I would like to thank Jeff from Prestige Car Care for sending me a couple of samples to review

Adams products are pretty new to the UK market and are sold by Prestige Car care but they seem to be popular in the US.

Having tried the excellent Adams Detail spray i was keen to sample the other offerings from the Adams range.

For more information on the product range please have a look here: http://www.prestigecarcareshop.com/

Now Tyre dressings or Tire dressings as our American cousins might say are a pretty touchy subject for alot of us.... This is partly due to differing expectations on appearance i.e. some like a high shine and some like a more natural OEM finish, and partly due to durability issues in the lovely UK weather so its going to be interesting to see what the Americans can bring to the table.:thumb:

*Please note i will update on durability in due course:thumb:
*
*The Product:*

The product supplied was presented in a nice PET bottle with the usual very smart Adams livery.

The label contained all the pertinent information and instructions so all good there.

The actual Tyre Shine is yellow in colour amd smells like bananas which for some reason i was not expecting, it also comes in liquid form rather than a gel.

*Adams say:
*
*Adam's Tire Shine is intended to offer a lustrous deep shine on tires. This product was designed specifically for our customers that prefer a deep, rich shine or a wet tire look. 
(please note that Adams tire shire does not come with a spray head, however it does have a top cap for you to apply onto any hand applicator)

We have tested for months to produce a product that will outlast our Super VRT and provide more shine. Adam's Tire Shine is not greasy and will not run when properly applied on tires. Our new Tire Shine works great on tires with large tread blocks because it is sprayed onto the surface during application.

What Will It Look Like?

You can achieve two finishes with our tire shine:

Apply our Tire Shine to a clean, dry tire and dress with an applicator for a deep, dark finish.

Or, spray the tire liberally and let the product fully dry without using an applicator to achieve the ultra high gloss look. Note: you may want to go over the tire once with an applicator to catch any of the product that may be pooling in the tread blocks or grooves after the majority of it has dried.

How Does It Work?

First, make sure the tire is cleaned with our All Purpose Cleaner. Then simply spray the outer tread blocks with a light mist of our new Tire Shine on a dry tire.

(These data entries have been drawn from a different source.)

(* With the setting in the context, a state $|\Psi\rangle\in\mathcal H$ belongs to the ground state subspace $\mathcal H_0$ if and only if $\Pi_0|\Psi\rangle=|\Psi\rangle$, where $\Pi_0=\mathcal A_0\mathcal B_0$.
   Context: $(C_\bullet,\partial^C_\bullet)$ is a chain complex with each $C_n$ free abelian on a finite set $K_n$, $K_n\ne\emptyset$ for finitely many $n$; $(G_\bullet,\partial^G_\bullet)$ is a chain complex of finite abelian groups. $\mathrm{hom}(C,G)^p=\prod_n\mathrm{Hom}(C_n,G_{n-p})$ with $(\delta^pf)_n=f_{n-1}\partial^C_n-(-1)^p\partial^G_{n-p}f_n$. $\mathrm{hom}(C,G)_p=\mathrm{Hom}(\mathrm{hom}(C,G)^p,U(1))$ (written additively, sum = pointwise product), $\chi_m(f)=m(f)$, $\delta_{p+1}m=m\circ\delta^p$. $\mathcal H=\bigotimes_n\bigotimes_{x\in K_n}\mathbb C[G_n]$ with orthonormal basis $|f\rangle$, $f\in\mathrm{hom}(C,G)^0$ ($|f\rangle=\otimes|f_n(x)\rangle$). $P_t|f\rangle=|f+t\rangle$, $Q_m|f\rangle=\chi_m(f)|f\rangle$; $A_t=P_{\delta^{-1}t}$ for $t\in\mathrm{hom}(C,G)^{-1}$, $B_m=Q_{\delta_1m}$ for $m\in\mathrm{hom}(C,G)_1$. For $s\in\mathrm{hom}(C,G)_{-1}$ and $v\in\mathrm{hom}(C,G)^1$: $\mathcal A_s=\frac1{|\mathrm{hom}(C,G)^{-1}|}\sum_{t\in\mathrm{hom}(C,G)^{-1}}\chi_s(t)A_t$, $\mathcal B_v=\frac1{|\mathrm{hom}(C,G)_1|}\sum_{m\in\mathrm{hom}(C,G)_1}\chi_m(v)B_m$; $\mathcal A_0,\mathcal B_0$ are these for $s=0$, $v=0$. Local elements: for $x\in K_n$, $g\in G_{n-p}$, $gx^*\in\mathrm{hom}(C,G)^p$ has $n$-th component sending $x\mapsto g$, other basis elements to $0$, other components $0$; for $r\in\mathrm{Hom}(G_{n-p},U(1))$, $rx_*\in\mathrm{hom}(C,G)_p$, $rx_*(f)=r(f_n(x))$. For $x\in K_n$: $A_x^r=\frac1{|G_{n+1}|}\sum_{h\in G_{n+1}}r(h)A_{hx^*}$ ($r\in\mathrm{Hom}(G_{n+1},U(1))$), $B_x^g=\frac1{|G_{n-1}|}\sum_{r\in\mathrm{Hom}(G_{n-1},U(1))}r(g)B_{rx_*}$ ($g\in G_{n-1}$). Ground state subspace: $\mathcal H_0=\{\Psi: A_x^0\Psi=B_x^0\Psi=\Psi\ \forall n,\forall x\in K_n\}$. *)

theory Defs
  imports Complex_Main "HOL-Library.Function_Algebras"
begin

definition zmul :: "int \<Rightarrow> 'g::ab_group_add \<Rightarrow> 'g" where
  "zmul k g = (if 0 \<le> k then (((+) g) ^^ nat k) 0 else - ((((+) g) ^^ nat (- k)) 0))"

text \<open>Chain complex C: C n is free abelian on the finite set K n; the boundary is
  given by its integer matrix: dC n x y is the coefficient of y (in K (n-1)) in the
  boundary of x (in K n).\<close>
definition free_chain_complex :: "(int \<Rightarrow> 'k set) \<Rightarrow> (int \<Rightarrow> 'k \<Rightarrow> 'k \<Rightarrow> int) \<Rightarrow> bool" where
  "free_chain_complex K dC \<longleftrightarrow>
     (\<forall>n. finite (K n)) \<and> finite {n. K n \<noteq> {}} \<and>
     (\<forall>n. \<forall>x\<in>K n. \<forall>z\<in>K (n - 2). (\<Sum>y\<in>K (n - 1). dC n x y * dC (n - 1) y z) = 0)"

definition finite_group_chain_complex :: "(int \<Rightarrow> 'g::ab_group_add set) \<Rightarrow> (int \<Rightarrow> 'g \<Rightarrow> 'g) \<Rightarrow> bool" where
  "finite_group_chain_complex G dG \<longleftrightarrow>
     (\<forall>n. finite (G n) \<and> 0 \<in> G n \<and> (\<forall>a\<in>G n. \<forall>b\<in>G n. a + b \<in> G n) \<and> (\<forall>a\<in>G n. - a \<in> G n)) \<and>
     (\<forall>n. \<forall>a\<in>G n. dG n a \<in> G (n - 1)) \<and>
     (\<forall>n. \<forall>a\<in>G n. \<forall>b\<in>G n. dG n (a + b) = dG n a + dG n b) \<and>
     (\<forall>n. \<forall>a\<in>G n. dG (n - 1) (dG n a) = 0)"

text \<open>hom(C,G)^p = prod_n Hom(C_n, G_{n-p}); a homomorphism on the free group C_n is
  identified with its values on the basis K n (extended by 0 off K n).\<close>
definition cochains :: "(int \<Rightarrow> 'k set) \<Rightarrow> (int \<Rightarrow> 'g::ab_group_add set) \<Rightarrow> int \<Rightarrow> (int \<Rightarrow> 'k \<Rightarrow> 'g) set" where
  "cochains K G p = {f. (\<forall>n. \<forall>x\<in>K n. f n x \<in> G (n - p)) \<and> (\<forall>n x. x \<notin> K n \<longrightarrow> f n x = 0)}"

text \<open>(delta^p f)_n = f_{n-1} \<circ> dC_n - (-1)^p dG_{n-p} \<circ> f_n.\<close>
definition coboundary :: "(int \<Rightarrow> 'k set) \<Rightarrow> (int \<Rightarrow> 'k \<Rightarrow> 'k \<Rightarrow> int) \<Rightarrow> (int \<Rightarrow> 'g::ab_group_add \<Rightarrow> 'g)
    \<Rightarrow> int \<Rightarrow> (int \<Rightarrow> 'k \<Rightarrow> 'g) \<Rightarrow> (int \<Rightarrow> 'k \<Rightarrow> 'g)" where
  "coboundary K dC dG p f = (\<lambda>n x. if x \<in> K n then
      (\<Sum>y\<in>K (n - 1). zmul (dC n x y) (f (n - 1) y))
        - (if even p then dG (n - p) (f n x) else - dG (n - p) (f n x))
     else 0)"

text \<open>U(1)-valued characters of a subgroup A (as unit complex numbers, multiplication
  being the group law), extended by 0 outside A.\<close>
definition characters :: "'a::plus set \<Rightarrow> ('a \<Rightarrow> complex) set" where
  "characters A = {m. (\<forall>a\<in>A. \<forall>b\<in>A. m (a + b) = m a * m b) \<and> (\<forall>a\<in>A. cmod (m a) = 1)
                      \<and> (\<forall>a. a \<notin> A \<longrightarrow> m a = 0)}"

definition chains_dual :: "(int \<Rightarrow> 'k set) \<Rightarrow> (int \<Rightarrow> 'g::ab_group_add set) \<Rightarrow> int \<Rightarrow> ((int \<Rightarrow> 'k \<Rightarrow> 'g) \<Rightarrow> complex) set" where
  "chains_dual K G p = characters (cochains K G p)"

text \<open>delta_{p+1} m = m \<circ> delta^p (as an element of hom(C,G)_p).\<close>
definition dual_boundary where
  "dual_boundary K dC G dG p m = (\<lambda>f. if f \<in> cochains K G p then m (coboundary K dC dG p f) else 0)"

text \<open>The Hilbert space: complex amplitudes on the basis |f>, f \<in> hom(C,G)^0.\<close>
definition hilb :: "(int \<Rightarrow> 'k set) \<Rightarrow> (int \<Rightarrow> 'g::ab_group_add set) \<Rightarrow> ((int \<Rightarrow> 'k \<Rightarrow> 'g) \<Rightarrow> complex) set" where
  "hilb K G = {\<Psi>. \<forall>f. f \<notin> cochains K G 0 \<longrightarrow> \<Psi> f = 0}"

text \<open>P_t |f> = |f + t>, Q_m |f> = chi_m(f) |f>.\<close>
definition Pop :: "(int \<Rightarrow> 'k \<Rightarrow> 'g::ab_group_add) \<Rightarrow> ((int \<Rightarrow> 'k \<Rightarrow> 'g) \<Rightarrow> complex) \<Rightarrow> ((int \<Rightarrow> 'k \<Rightarrow> 'g) \<Rightarrow> complex)" where
  "Pop t \<Psi> = (\<lambda>h. \<Psi> (h - t))"

definition Qop :: "((int \<Rightarrow> 'k \<Rightarrow> 'g) \<Rightarrow> complex) \<Rightarrow> ((int \<Rightarrow> 'k \<Rightarrow> 'g) \<Rightarrow> complex) \<Rightarrow> ((int \<Rightarrow> 'k \<Rightarrow> 'g) \<Rightarrow> complex)" where
  "Qop m \<Psi> = (\<lambda>f. m f * \<Psi> f)"

definition Aop where "Aop K dC dG t = Pop (coboundary K dC dG (-1) t)"
definition Bop where "Bop K dC G dG m = Qop (dual_boundary K dC G dG 0 m)"

text \<open>The projectors \<A>_0 and \<B>_0 (s = 0, v = 0, so the characters are 1).\<close>
definition calA0 where
  "calA0 K dC G dG \<Psi> = (\<lambda>h. (\<Sum>t\<in>cochains K G (-1). Aop K dC dG t \<Psi> h) / of_nat (card (cochains K G (-1))))"

definition calB0 where
  "calB0 K dC G dG \<Psi> = (\<lambda>h. (\<Sum>m\<in>chains_dual K G 1. Bop K dC G dG m \<Psi> h) / of_nat (card (chains_dual K G 1)))"

definition Pi0 where "Pi0 K dC G dG \<Psi> = calA0 K dC G dG (calB0 K dC G dG \<Psi>)"

definition local_cochain :: "int \<Rightarrow> 'k \<Rightarrow> 'g::zero \<Rightarrow> (int \<Rightarrow> 'k \<Rightarrow> 'g)" where
  "local_cochain n x g = (\<lambda>m y. if m = n \<and> y = x then g else 0)"

definition local_chain where
  "local_chain K G p n x r = (\<lambda>f. if f \<in> cochains K G p then r (f n x) else 0)"

definition Ax0 where
  "Ax0 K dC G dG n x \<Psi> = (\<lambda>h. (\<Sum>g\<in>G (n + 1). Aop K dC dG (local_cochain n x g) \<Psi> h) / of_nat (card (G (n + 1))))"

definition Bx0 where
  "Bx0 K dC G dG n x \<Psi> = (\<lambda>h. (\<Sum>r\<in>characters (G (n - 1)). Bop K dC G dG (local_chain K G 1 n x r) \<Psi> h)
                              / of_nat (card (G (n - 1))))"

definition ground_space where
  "ground_space K dC G dG = {\<Psi> \<in> hilb K G. \<forall>n. \<forall>x\<in>K n. Ax0 K dC G dG n x \<Psi> = \<Psi> \<and> Bx0 K dC G dG n x \<Psi> = \<Psi>}"

end

theory Submission
  imports Defs "HOL-Library.Indicator_Function"
begin
text \<open>The entire function f(w) = (\<phi>(w) exp(w^2/2))^2 satisfies
  |f(u + iv)| = |\<phi>(u + iv)|^2 exp(u^2 - v^2), so the claim is that v \<mapsto> |f(x + iv)| is
  integrable, while the Bargmann condition says that G(u) = \<integral> |f(u + iv)| dv is integrable
  against exp(-2u^2), hence locally integrable. Cauchy's formula on the square of side 2s centred
  at z bounds |f(z)| by 1/\<pi> times the sum of the means of |f| over the four sides. Integrating
  over the vertical line through x, the vertical sides contribute G(x - s) + G(x + s) and the
  horizontal ones (1/s) \<integral> G over [x - s, x + s]. As G is finite almost everywhere, some small
  s > 0 has G(x \<plusminus> s) finite.\<close>

lemma measurable_Complex [measurable (raw)]:
  "f \<in> borel_measurable M \<Longrightarrow> g \<in> borel_measurable M \<Longrightarrow>
    (\<lambda>x. Complex (f x) (g x)) \<in> borel_measurable M"
  unfolding Complex_eq by (intro borel_measurable_add borel_measurable_times) auto

lemma holomorphic_on_UNIV_imp_borel_measurable:
  "f holomorphic_on UNIV \<Longrightarrow> f \<in> borel_measurable borel"
  using holomorphic_on_imp_continuous_on borel_measurable_continuous_onI by blast

lemma lborel_complex_eq_distr_pair:
  "(lborel :: complex measure) = distr (lborel \<Otimes>\<^sub>M lborel) borel (\<lambda>(u, v). Complex u v)"
proof (rule lborel_eqI)
  fix l u :: complex
  assume le: "\<And>b. b \<in> Basis \<Longrightarrow> l \<bullet> b \<le> u \<bullet> b"
  have "Re l \<le> Re u" "Im l \<le> Im u"
    using le[of 1] le[of \<i>] by (auto simp: Basis_complex_def)
  have preimage: "(\<lambda>(a, b). Complex a b) -` box l u \<inter> space (lborel \<Otimes>\<^sub>M lborel)
      = {Re l<..<Re u} \<times> {Im l<..<Im u}"
    by (auto simp: in_box_complex_iff space_pair_measure)
  have "(\<lambda>(a, b). Complex a b) \<in> measurable (lborel \<Otimes>\<^sub>M lborel) borel"
    by measurable
  then show "emeasure (distr (lborel \<Otimes>\<^sub>M lborel) borel (\<lambda>(a, b). Complex a b)) (box l u)
      = (\<Prod>b\<in>Basis. (u - l) \<bullet> b)"
    using \<open>Re l \<le> Re u\<close> \<open>Im l \<le> Im u\<close>
    by (simp add: emeasure_distr preimage lborel.emeasure_pair_measure_Times
        Basis_complex_def ennreal_mult)
qed simp
lemma NN_Suc_real:
  "real (NN (Suc r) k) = (0 ^ k + (\<Sum>a=0..k. real (k choose a) * real (NN r a) * real (NN r (k - a)))) / 2"
proof -
  have "real (2 * NN (Suc r) k) = real (0 ^ k + (\<Sum>a=0..k. (k choose a) * NN r a * NN r (k - a)))"
    by (simp only: NN_Suc)
  then show ?thesis
    by simp
qed

lemma egf_mult_nth:
  fixes a b :: "nat \<Rightarrow> 'a :: field_char_0"
  shows "fps_nth (Abs_fps (\<lambda>n. a n / fact n) * Abs_fps (\<lambda>n. b n / fact n)) n
           = (\<Sum>i=0..n. of_nat (n choose i) * a i * b (n - i)) / fact n"
  unfolding fps_mult_nth sum_divide_distrib
  by (rule sum.cong) (auto simp: binomial_fact field_simps)

lemma EGF_0: "EGF 0 = fps_exp 1"
  by (simp add: fps_eq_iff EGF_def NN_0)

lemma EGF_Suc: "EGF (Suc r) = fps_const (1/2) * (1 + EGF r ^ 2)"
proof (rule fps_ext)
  fix n
  have "fps_nth (fps_const (1/2) * (1 + EGF r ^ 2)) n
      = ((if n = 0 then 1 else 0) + (\<Sum>i=0..n. real (n choose i) * real (NN r i) * real (NN r (n - i))) / fact n) / 2"
    by (simp add: EGF_def power2_eq_square egf_mult_nth)
  also have "\<dots> = fps_nth (EGF (Suc r)) n"
    by (simp add: EGF_def NN_Suc_real add_divide_distrib power_0_left)
  finally show "fps_nth (EGF (Suc r)) n = fps_nth (fps_const (1/2) * (1 + EGF r ^ 2)) n" ..
qed
lemma orth_diagonalizes_quadratic_form:
  fixes y :: "real vec"
  assumes "orth_diagonalizes n V D A" and y: "y \<in> carrier_vec n"
  shows "y \<bullet> (A *\<^sub>v y) = (V\<^sup>T *\<^sub>v y) \<bullet> (D *\<^sub>v (V\<^sup>T *\<^sub>v y))"
proof -
  have V: "V \<in> carrier_mat n n" and D: "D \<in> carrier_mat n n" and A: "A = V * D * V\<^sup>T"
    using assms unfolding orth_diagonalizes_def orthonormal_mat_def by auto
  have "A *\<^sub>v y = V *\<^sub>v (D *\<^sub>v (V\<^sup>T *\<^sub>v y))"
    unfolding A using V D y by (simp add: assoc_mult_mat_vec[of _ n n _ n])
  thus ?thesis
    using transpose_vec_mult_scalar[of V n n "D *\<^sub>v (V\<^sup>T *\<^sub>v y)" y] V D y by simp
qed

lemma orth_diagonalizes_quadratic_form_le:
  fixes y :: "real vec"
  assumes A: "orth_diagonalizes n V D A" and y: "y \<in> carrier_vec n"
    and vanish: "\<And>j. j < n \<Longrightarrow> t < D $$ (j,j) \<Longrightarrow> (V\<^sup>T *\<^sub>v y) $ j = 0"
  shows "y \<bullet> (A *\<^sub>v y) \<le> t * (y \<bullet> y)"
proof -
  have V: "orthonormal_mat n V" and D: "D \<in> carrier_mat n n" "diagonal_mat D"
    using A unfolding orth_diagonalizes_def by auto
  define c where "c = V\<^sup>T *\<^sub>v y"
  have c: "c \<in> carrier_vec n" using V y unfolding c_def orthonormal_mat_def by auto
  have "y \<bullet> (A *\<^sub>v y) = (\<Sum>j<n. D $$ (j,j) * (c $ j)\<^sup>2)"
    using orth_diagonalizes_quadratic_form[OF A y] diagonal_quadratic_form[OF D c]
    unfolding c_def by simp
  also have "\<dots> \<le> (\<Sum>j<n. t * (c $ j)\<^sup>2)"
  proof (rule sum_mono)
    fix j assume "j \<in> {..<n}"
    thus "D $$ (j,j) * (c $ j)\<^sup>2 \<le> t * (c $ j)\<^sup>2"
      using vanish[of j] unfolding c_def[symmetric]
      by (cases "t < D $$ (j,j)") (auto intro: mult_right_mono)
  qed
  also have "\<dots> = t * (y \<bullet> y)"
    using orthonormal_mat_transpose_sprod[OF V y y] sprod_self_eq_sum_squares[OF c]
    unfolding c_def by (simp add: sum_distrib_left[symmetric])
  finally show ?thesis .
qed
(* Let $k$ be a field, $A$ a finitely generated commutative $k$-algebra, $k_n=k[t]/(t^{n+1})$, and $B$ a $k_n$-algebra with an isomorphism $gr\,B\simeq A\otimes_kk_n$ such that $B$ induces a deformation of $D(A)$. Suppose there is a $k$-algebra homomorphism $s:D(A)\to D(B)$ with $\tau\circ s=\mathrm{id}$, where $\tau:D(B)\to D(A)$ is the residue map, and regard $B$ as a left $A\otimes_kk_n$-module via $a\cdot b=s(a)(b)$. Then $D({}_BB)=D({}_{A\otimes_kk_n}B)$ as subrings of $\operatorname{End}_{k_n}(B)$.
   Context: All differential operators are $k[t]$-linear. For a $k_n$-algebra $C$ and a left $C$-module $M$, $D({}_CM)=\bigcup_mD^m({}_CM)$ where $D^m({}_CM)=\{d\in\operatorname{End}_{k_n}(M): [f_m,\dots,[f_0,d]\dots]=0\ \forall f_0,\dots,f_m\in C\}$, with $f$ acting through the module structure and $[f,d]=fd-df$. $D({}_BB)$ uses the left multiplication of $B$ on itself; $D(B)=D({}_BB)$; $D(A)$ is the ring of $k$-linear differential operators on $A$, containing $A$. $gr$ is taken for the $t$-adic filtration. The map $\gamma:gr\,D(B)\to\operatorname{End}_{k_n}(gr\,B)$ sends the class of $d\in t^iD(B)$ to the endomorphism $t^jB/t^{j+1}B\to t^{i+j}B/t^{i+j+1}B$ induced by $d$; it lands in $D(gr\,B)$. $B$ induces a deformation of $D(A)$ if $\gamma:gr\,D(B)\to D(gr\,B)$ is an isomorphism; then $D(B)/tD(B)\simeq D(A)$, and $\tau$ is the induced residue map. *)

theory Defs
  imports Main "HOL-Library.Function_Algebras"
begin

definition comm_op :: "('c \<Rightarrow> 'm \<Rightarrow> 'm) \<Rightarrow> 'c \<Rightarrow> ('m \<Rightarrow> 'm) \<Rightarrow> ('m \<Rightarrow> 'm::ab_group_add)" where
  "comm_op act f d = (\<lambda>x. act f (d x) - d (act f x))"

definition klin_end :: "'m set \<Rightarrow> ('k \<Rightarrow> 'm \<Rightarrow> 'm) \<Rightarrow> ('m::ab_group_add \<Rightarrow> 'm) set" where
  "klin_end M sc = {d. (\<forall>x\<in>M. d x \<in> M) \<and> (\<forall>x\<in>M. \<forall>y\<in>M. d (x + y) = d x + d y)
                        \<and> (\<forall>c. \<forall>x\<in>M. d (sc c x) = sc c (d x))}"

text \<open>k_n-linear endomorphisms: k-linear and commuting with the action tm of t.\<close>
definition kn_end :: "'m set \<Rightarrow> ('k \<Rightarrow> 'm \<Rightarrow> 'm) \<Rightarrow> ('m \<Rightarrow> 'm) \<Rightarrow> ('m::ab_group_add \<Rightarrow> 'm) set" where
  "kn_end M sc tm = {d \<in> klin_end M sc. \<forall>x\<in>M. d (tm x) = tm (d x)}"
lemma inj_rep_hom_retraction:
  fixes E :: "('v, 'a, 'k::field) rep"
  assumes E: "is_rep Q E" and f: "is_hom Q (inj_rep Q u) E f" and u: "u \<in> verts Q"
    and L: "L \<in> carrier_mat (card (inj_basis Q u u)) (rdim E u)" and Lf: "L * f u = 1\<^sub>m (card (inj_basis Q u u))"
    and w: "w \<in> verts Q"
  shows "inj_rep_hom Q E u L w * f w = 1\<^sub>m (card (inj_basis Q u w))"
proof (rule mat_on_eqI[of "inj_basis Q u w" "inj_basis Q u w"])
  let ?r = "inj_rep_hom Q E u L" and ?N = "\<lambda>w. {..<rdim E w}"
  have fc: "\<And>w. w \<in> verts Q \<Longrightarrow> f w \<in> carrier_mat (rdim E w) (card (inj_basis Q u w))"
    using f by (simp add: is_hom_def)
  have Ec: "\<And>b. b \<in> arrs Q \<Longrightarrow> rmap E b \<in> carrier_mat (rdim E (tgt Q b)) (rdim E (src Q b))"
    using E by (simp add: is_rep_def)
  show "?r w * f w \<in> carrier_mat (card (inj_basis Q u w)) (card (inj_basis Q u w))"
    using mult_carrier_mat[OF inj_rep_hom_carrier fc[OF w]] .
  fix i i' assume i: "i \<in> inj_basis Q u w" and i': "i' \<in> inj_basis Q u w"
  have lhs: "entry_on (inj_basis Q u w) (inj_basis Q u w) (?r w * f w) i i'
      = (\<Sum>l\<in>?N w. entry_on (inj_basis Q u w) (?N w) (?r w) i l * entry_on (?N w) (inj_basis Q u w) (f w) l i')"
    using i i' fc[OF w] by (simp add: entry_on_mult[of _ "?N w"])
  show "entry_on (inj_basis Q u w) (inj_basis Q u w) (?r w * f w) i i'
      = entry_on (inj_basis Q u w) (inj_basis Q u w) (1\<^sub>m (card (inj_basis Q u w))) i i'"
  proof (cases i)
    case None
    hence wu: "w = u" using i by simp
    have "entry_on (inj_basis Q u w) (inj_basis Q u w) (?r w * f w) i i'
        = entry_on (inj_basis Q u u) (inj_basis Q u u) (L * f u) None i'"
      unfolding lhs using None wu L fc[OF u] i' by (simp add: entry_on_mult[of _ "?N u"])
    thus ?thesis unfolding Lf using None wu i' by simp
  next
    case (Some b)
    hence b: "b \<in> arrs Q" "src Q b = w" "tgt Q b = u" using i by auto
    have "entry_on (inj_basis Q u w) (inj_basis Q u w) (?r w * f w) i i'
        = entry_on (inj_basis Q u u) (inj_basis Q u w) ((L * rmap E b) * f w) None i'"
      unfolding lhs using Some b L fc[OF w] Ec[OF b(1)] i'
      by (simp add: entry_on_mult[of _ "?N w" _ "L * rmap E b"] del: assoc_mult_mat)
    also have "(L * rmap E b) * f w = L * (rmap E b * f w)"
      using L fc[OF w] Ec[OF b(1)] b by (simp add: assoc_mult_mat[of _ _ "rdim E u" _ "rdim E w"])
    also have "rmap E b * f w = f u * rmap (inj_rep Q u) b"
      using f b unfolding is_hom_def by metis
    also have "L * (f u * rmap (inj_rep Q u) b) = (L * f u) * rmap (inj_rep Q u) b"
      using assoc_mult_mat[OF L fc[OF u], of "rmap (inj_rep Q u) b" "card (inj_basis Q u w)"] b by simp
    also have "\<dots> = mat_on (inj_basis Q u u) (inj_basis Q u w) (inj_action Q u b)"
      unfolding Lf using b by (simp add: left_mult_one_mat[OF mat_on_carrier])
    finally show ?thesis using Some b i' i by (auto simp: inj_action_def)
  qed
qed simp_all

lemma ext1_zero_inj_rep:
  assumes u: "u \<in> verts Q"
  shows "ext1_zero Q Z (inj_rep Q u :: ('v, 'a, 'k::field) rep)"
  unfolding ext1_zero_def
proof (intro allI impI)
  fix E :: "('v, 'a, 'k) rep" and f g
  assume S: "ses Q (inj_rep Q u) E Z f g"
  hence E: "is_rep Q E" and f: "is_hom Q (inj_rep Q u) E f" and inj: "hom_injective Q (inj_rep Q u) f"
    by (simp_all add: ses_def)
  have fu: "f u \<in> carrier_mat (rdim E u) (card (inj_basis Q u u))"
    using f u by (simp add: is_hom_def)
  obtain L where L: "L \<in> carrier_mat (card (inj_basis Q u u)) (rdim E u)"
    and Lf: "L * f u = 1\<^sub>m (card (inj_basis Q u u))"
    using injective_mat_left_inverse[OF fu] inj u fu unfolding hom_injective_def by auto
  show "\<exists>s. is_hom Q Z E s \<and> hom_eq Q (hom_comp g s) (hom_id Z)"
    using ses_split_of_retraction[OF fq S is_hom_inj_rep_hom[OF E L]]
      inj_rep_hom_retraction[OF E f u L Lf] by simp
qed


lemma finite_ext_basis [simp]: "finite (ext_basis Q v u y)"
  unfolding ext_basis_def using fq by simp

lemma sum_ext_basis:
  "(\<Sum>x\<in>ext_basis Q v u y. F x) = (\<Sum>p\<in>proj_basis Q v y. F (Inl p)) + (\<Sum>i\<in>inj_basis Q u y. F (Inr i))"
  unfolding ext_basis_def using fq by (subst sum.union_disjoint) (auto simp: sum.reindex)

lemma is_rep_ext_rep: "is_rep Q (ext_rep Q v u b0 c0 d0 :: ('v, 'a, 'k::field) rep)"
  unfolding is_rep_def
proof (intro conjI ballI impI)
  fix a b assume ab: "tgt Q a = src Q b"
  let ?E = "ext_rep Q v u b0 c0 d0 :: ('v, 'a, 'k) rep" and ?B = "ext_basis Q v u"
  show "rmap ?E b * rmap ?E a = 0\<^sub>m (rdim ?E (tgt Q b)) (rdim ?E (src Q a))"
  proof (rule mat_on_eqI[of "?B (tgt Q b)" "?B (src Q a)"])
    fix x x' assume "x \<in> ?B (tgt Q b)" and "x' \<in> ?B (src Q a)"
    moreover have "(\<Sum>y\<in>?B (tgt Q a). ext_action Q v u b0 c0 d0 b x y * ext_action Q v u b0 c0 d0 a y x') = (0::'k)"
      by (rule sum.neutral)
        (auto simp: ext_action_def proj_action_def inj_action_def twist_def split: sum.split)
    ultimately show "entry_on (?B (tgt Q b)) (?B (src Q a)) (rmap ?E b * rmap ?E a) x x'
      = entry_on (?B (tgt Q b)) (?B (src Q a)) (0\<^sub>m (rdim ?E (tgt Q b)) (rdim ?E (src Q a))) x x'"
      using ab by (simp add: entry_on_mult[of _ "?B (tgt Q a)"])
  qed (use ab in \<open>auto intro!: mult_carrier_mat[OF mat_on_carrier]\<close>)
qed auto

Follow this step by grabbing a Block Sponge or Hex Grip Applicator and spraying directly into the applicator. Use the applicator to apply a thin even layer across the tread block and the face of the tire.

NOTE: This product is designed specifically for tires. If you are looking to dress trim or are more interested in a low shine tire dressing please take a look at our Super VRT.

*

Sounds interesting so lets see how it performs :thumb:

*The Method:*

So the test bed today was Mrs P's Cooper so the normal bath was needed...



But before this the wheels and tyres were cleaned, the tyres were scrubbed with a brush and a 5-1 dilution of APC them pressure washed off to rinse.



Really detailed application information could be found on the bottle which was really good so the tyre dressing was sprayed onto the rim of the tyre toward the tread area rather than in the middle of the side wall.



About 6 squirts were applied to the tyre in this way then rubbed in using a sponge applicator.



The product soaked into the tyre really well and left a clean finish, it also didn't feel greasy to touch which was refreshing and any residue that got onto the wheels was easily wiped off



And after 10 mins the tyres looked great and i didnt feel the need for a 2nd coat.

Now normally i am not keen on a shiny finish but i was pretty keen on how this looked as although it did look more showy than i would normally choose i thought i looked really good

*Price:*

£13.99 (£ not $)for a 16oz bottle, before any discount available from here:http://www.prestigecarcareshop.com/store/p44/Adam's_NEW_Tire_Shine.html

This would put Tire Shine at the higher end of the market but judging by how much i used you can be pretty frugal with it so could be pretty good value:thumb:

*Would I use it again?:*

I really liked the finish and i really liked the ease of application (I didnt like the smell but thats down to personal opinion) so really its all down to durability...

Now if it washes away with the 1st little rain shower then perhaps not but if it can do a couple of weeks then yes i would.( i will update over the coming weeks re: durability)

*Conclusion:*

Adams Tyre shine is a easy to use tyre dressing which leaves a great finish.
Its non greasy and if left for the correct amount of time non sling, it smells of bananas and should represent good value if not over applied as 1 single coat seems to leave a great finish.



If you like a clean and shiny looking tyre and are fed up with greasy gels other potions which sling all over the place give the Adams Tyre Shine a go :thumb:

*Thanks for reading*


----------